**TASK DIRECTIONS:**
Retype every entry below without altering anything.

[Stored data entries]
lemma cross_term_summable:
  assumes sa: "summable (\<lambda>j. \<bar>a j\<bar>)"
    and H: "summable (\<lambda>n. \<bar>a (Suc n)\<bar> / p (Suc n) * tail_sup a (Suc n))"
  shows "summable (\<lambda>n. a (Suc n) * wsum p a n)"
proof -
  define A where "A j N = a j / p j * (\<Sum>n=j..<N. a (Suc n))" for j N
  define b where "b j = a j / p j * (suminf (\<lambda>n. a (Suc n)) - (\<Sum>n<j. a (Suc n)))" for j
  have sas: "summable (\<lambda>n. a (Suc n))"
    using summable_rabs_cancel[OF sa] by (subst summable_Suc_iff)
  have lim: "(\<lambda>N. A j N) \<longlonglongrightarrow> b j" for j
  proof (rule Lim_transform_eventually)
    show "(\<lambda>N. a j / p j * ((\<Sum>n<N. a (Suc n)) - (\<Sum>n<j. a (Suc n))))
        \<longlonglongrightarrow> b j"
      unfolding b_def by (intro tendsto_intros summable_LIMSEQ[OF sas])
    show "\<forall>\<^sub>F N in sequentially. a j / p j * ((\<Sum>n<N. a (Suc n)) - (\<Sum>n<j. a (Suc n))) = A j N"
    proof (rule eventually_sequentiallyI)
      fix N assume "j \<le> N"
      then have "(\<Sum>n<N. a (Suc n)) - (\<Sum>n<j. a (Suc n)) = (\<Sum>n=j..<N. a (Suc n))"
        by (simp add: lessThan_atLeast0 sum_diff_nat_ivl)
      then show "a j / p j * ((\<Sum>n<N. a (Suc n)) - (\<Sum>n<j. a (Suc n))) = A j N"
        by (simp add: A_def)
    qed
  qed
  have bound: "norm (A j N) \<le> 2 * (\<bar>a j\<bar> / p j * tail_sup a j)" for j N
  proof -
    have "\<bar>a j\<bar> / p j * \<bar>\<Sum>n=j..<N. a (Suc n)\<bar> \<le> \<bar>a j\<bar> / p j * (2 * tail_sup a j)"
      using abs_sum_Suc_le_tail_sup[OF sa] p_pos[of j] by (intro mult_left_mono) auto
    then show ?thesis
      using p_pos[of j] by (simp add: A_def abs_mult mult.left_commute)
  qed
  have dominating: "summable (\<lambda>j. 2 * (\<bar>a j\<bar> / p j * tail_sup a j))"
    by (intro summable_mult, subst summable_Suc_iff[symmetric]) (rule H)
  have "(\<lambda>N. \<Sum>j. A j N) \<longlonglongrightarrow> suminf b"
    using tannerys_theorem[of A b sequentially, OF lim _ dominating] bound
    by (auto intro!: always_eventually)
  moreover have "(\<Sum>j. A j N) = (\<Sum>n<N. a (Suc n) * wsum p a n)" for N
  proof -
    have "(\<Sum>j. A j N) = (\<Sum>j<N. A j N)"
      by (rule suminf_finite) (auto simp: A_def)
    then show ?thesis
      by (simp add: A_def sum_cross_term_swap)
  qed
  ultimately show ?thesis
    by (auto simp: sums_def intro: sums_summable)
qed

**SOLUTION TO THIS TASK:**
lemma cross_term_summable:
  assumes sa: "summable (\<lambda>j. \<bar>a j\<bar>)"
    and H: "summable (\<lambda>n. \<bar>a (Suc n)\<bar> / p (Suc n) * tail_sup a (Suc n))"
  shows "summable (\<lambda>n. a (Suc n) * wsum p a n)"
proof -
  define A where "A j N = a j / p j * (\<Sum>n=j..<N. a (Suc n))" for j N
  define b where "b j = a j / p j * (suminf (\<lambda>n. a (Suc n)) - (\<Sum>n<j. a (Suc n)))" for j
  have sas: "summable (\<lambda>n. a (Suc n))"
    using summable_rabs_cancel[OF sa] by (subst summable_Suc_iff)
  have lim: "(\<lambda>N. A j N) \<longlonglongrightarrow> b j" for j
  proof (rule Lim_transform_eventually)
    show "(\<lambda>N. a j / p j * ((\<Sum>n<N. a (Suc n)) - (\<Sum>n<j. a (Suc n))))
        \<longlonglongrightarrow> b j"
      unfolding b_def by (intro tendsto_intros summable_LIMSEQ[OF sas])
    show "\<forall>\<^sub>F N in sequentially. a j / p j * ((\<Sum>n<N. a (Suc n)) - (\<Sum>n<j. a (Suc n))) = A j N"
    proof (rule eventually_sequentiallyI)
      fix N assume "j \<le> N"
      then have "(\<Sum>n<N. a (Suc n)) - (\<Sum>n<j. a (Suc n)) = (\<Sum>n=j..<N. a (Suc n))"
        by (simp add: lessThan_atLeast0 sum_diff_nat_ivl)
      then show "a j / p j * ((\<Sum>n<N. a (Suc n)) - (\<Sum>n<j. a (Suc n))) = A j N"
        by (simp add: A_def)
    qed
  qed
  have bound: "norm (A j N) \<le> 2 * (\<bar>a j\<bar> / p j * tail_sup a j)" for j N
  proof -
    have "\<bar>a j\<bar> / p j * \<bar>\<Sum>n=j..<N. a (Suc n)\<bar> \<le> \<bar>a j\<bar> / p j * (2 * tail_sup a j)"
      using abs_sum_Suc_le_tail_sup[OF sa] p_pos[of j] by (intro mult_left_mono) auto
    then show ?thesis
      using p_pos[of j] by (simp add: A_def abs_mult mult.left_commute)
  qed
  have dominating: "summable (\<lambda>j. 2 * (\<bar>a j\<bar> / p j * tail_sup a j))"
    by (intro summable_mult, subst summable_Suc_iff[symmetric]) (rule H)
  have "(\<lambda>N. \<Sum>j. A j N) \<longlonglongrightarrow> suminf b"
    using tannerys_theorem[of A b sequentially, OF lim _ dominating] bound
    by (auto intro!: always_eventually)
  moreover have "(\<Sum>j. A j N) = (\<Sum>n<N. a (Suc n) * wsum p a n)" for N
  proof -
    have "(\<Sum>j. A j N) = (\<Sum>j<N. A j N)"
      by (rule suminf_finite) (auto simp: A_def)
    then show ?thesis
      by (simp add: A_def sum_cross_term_swap)
  qed
  ultimately show ?thesis
    by (auto simp: sums_def intro: sums_summable)
qed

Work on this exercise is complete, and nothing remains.